Wednesday, November 19, 2008

FeedReader

In the past on this blog I have advocated the use of RSS feeds to read this blog and lots of other stuff, and specifically recommended SharpReader. However, SharpReader's development seems to have died. The author is not fixing bugs, let alone making improvements, nor is he responding to inquiries. I offered to take over development, and suggested open-sourcing it, but no reaction.

The bugs in SharpReader are not crippling, but they are annoying. The filter feature often causes SharpReader to crash for me, and there are some very simple features like hiding read articles which it lacks. It's still quite usable, but after finding its development dead-ended and its author non-responsive, I went out looking for what else is out there.

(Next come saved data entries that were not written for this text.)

lemma sphere_subset_nball: "sphere G v k \<subseteq> nball G v k"
  by (auto simp: sphere_def)

lemma finite_sphere: "wf_graph G \<Longrightarrow> finite (sphere G v k)"
  using finite_subset[OF sphere_subset_nball finite_nball] .

lemma nball_Suc_eq: "nball G v (Suc k) = nball G v k \<union> sphere G v (Suc k)"
  using nball_mono[of k "Suc k" G v] by (auto simp: sphere_Suc)

lemma sphere_SucE:
  assumes wf: "wf_graph G" and u: "u \<in> sphere G v (Suc k)"
  obtains x where "x \<in> sphere G v k" "adj G x u"
proof -
  have u1: "dist_le G (Suc k) v u" "\<not> dist_le G k v u"
    using u by (auto simp: sphere_Suc mem_nball_iff)
  obtain x where x: "dist_le G k v x" "adj G x u"
    using dist_le_SucE[OF wf u1] .
  have "x \<in> sphere G v k"
  proof (cases k)
    case 0
    then show ?thesis using x by (simp add: sphere_def mem_nball_iff)
  next
    case (Suc j)
    have "\<not> dist_le G j v x"
      using u1 Suc dist_le_adj[OF wf _ x(2)] by blast
    then show ?thesis using x Suc by (simp add: sphere_def mem_nball_iff)
  qed
  with x that show ?thesis by blast
qed

text \<open>A vertex of a sphere of positive radius spends one edge on its predecessor.\<close>

lemma card_sphere_Suc_le:
  assumes wf: "wf_graph G" and md: "max_degree_le G \<Delta>"
  shows "card (sphere G v (Suc k)) \<le> card (sphere G v k) * (if k = 0 then \<Delta> else \<Delta> - 1)"
proof -
  define out where "out x = nbrs G x - nball G v k" for x
  have out_card: "card (out x) \<le> (if k = 0 then \<Delta> else \<Delta> - 1)" if x: "x \<in> sphere G v k" for x
  proof -
    have "card (nbrs G x) \<le> \<Delta>"
      using md x sphere_subset_nball nball_subset_verts by (blast intro: max_degree_leD)
    moreover have "card (out x) \<le> card (nbrs G x)"
      unfolding out_def by (rule card_mono[OF finite_nbrs[OF wf]]) auto
    moreover have "card (out x) \<le> card (nbrs G x) - 1" if "k = Suc j" for j
    proof -
      obtain w where w: "w \<in> sphere G v j" "adj G w x"
        using sphere_SucE[OF wf] x \<open>k = Suc j\<close> by blast
      have "w \<in> nbrs G x" "w \<in> nball G v k"
        using w wf_graph_adj_sym[OF wf] sphere_subset_nball[of G v j] nball_mono[of j k G v]
          \<open>k = Suc j\<close> by auto
      then have "out x \<subseteq> nbrs G x - {w}" by (auto simp: out_def)
      then have "card (out x) \<le> card (nbrs G x - {w})"
        by (rule card_mono[rotated]) (simp add: finite_nbrs[OF wf])
      then show ?thesis
        using finite_nbrs[OF wf] \<open>w \<in> nbrs G x\<close> by auto
    qed
    ultimately show ?thesis by (cases k) auto
  qed
  have "sphere G v (Suc k) \<subseteq> (\<Union>x\<in>sphere G v k. out x)"
  proof
    fix u assume u: "u \<in> sphere G v (Suc k)"
    then obtain x where "x \<in> sphere G v k" "adj G x u" by (rule sphere_SucE[OF wf])
    then show "u \<in> (\<Union>x\<in>sphere G v k. out x)" using u by (auto simp: out_def sphere_Suc)
  qed
  then have "card (sphere G v (Suc k)) \<le> card (\<Union>x\<in>sphere G v k. out x)"
    by (rule card_mono[rotated]) (auto simp: out_def finite_sphere[OF wf] finite_nbrs[OF wf])
  also have "\<dots> \<le> (\<Sum>x\<in>sphere G v k. card (out x))"
    by (rule card_UN_le[OF finite_sphere[OF wf]])
  also have "\<dots> \<le> (\<Sum>x\<in>sphere G v k. (if k = 0 then \<Delta> else \<Delta> - 1))"
    by (rule sum_mono) (rule out_card)
  finally show ?thesis by simp
qed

After trying a few free client-software RSS aggregators, I settled on FeedReader as the logical successor to SharpReader. It's very similar to SharpReader: it even retains a few of SharpReader's flaws, including an inability to remember from one session to the next that its window was left on the second monitor, and no smarts at identifying and removing/hiding duplicate articles. But it's familiar enough to be an easy transition, while bringing a lot of improvements. Notable ones:
  • The ability to hide read articles.
  • Intelliupdate figures out how often to poll feeds based on frequency of posts automatically.
  • Seems to use a lot less bandwidth on polling feeds.
  • SmartFeeds let you set up virtual feeds built from cherry-picked articles from other feeds, separated out by search criteria.
  • The ability to open an article in another window while keeping FeedReader in front.
  • A slightly slicker user interface.
About the only downsides I've run into are the lack of a keystroke to open an article in a new window, and the lack of a toggle button to show and hide unread messages.

It's a free download and I encourage anyone who reads blogs, the news, comics, or anything else with RSS feeds to try it out.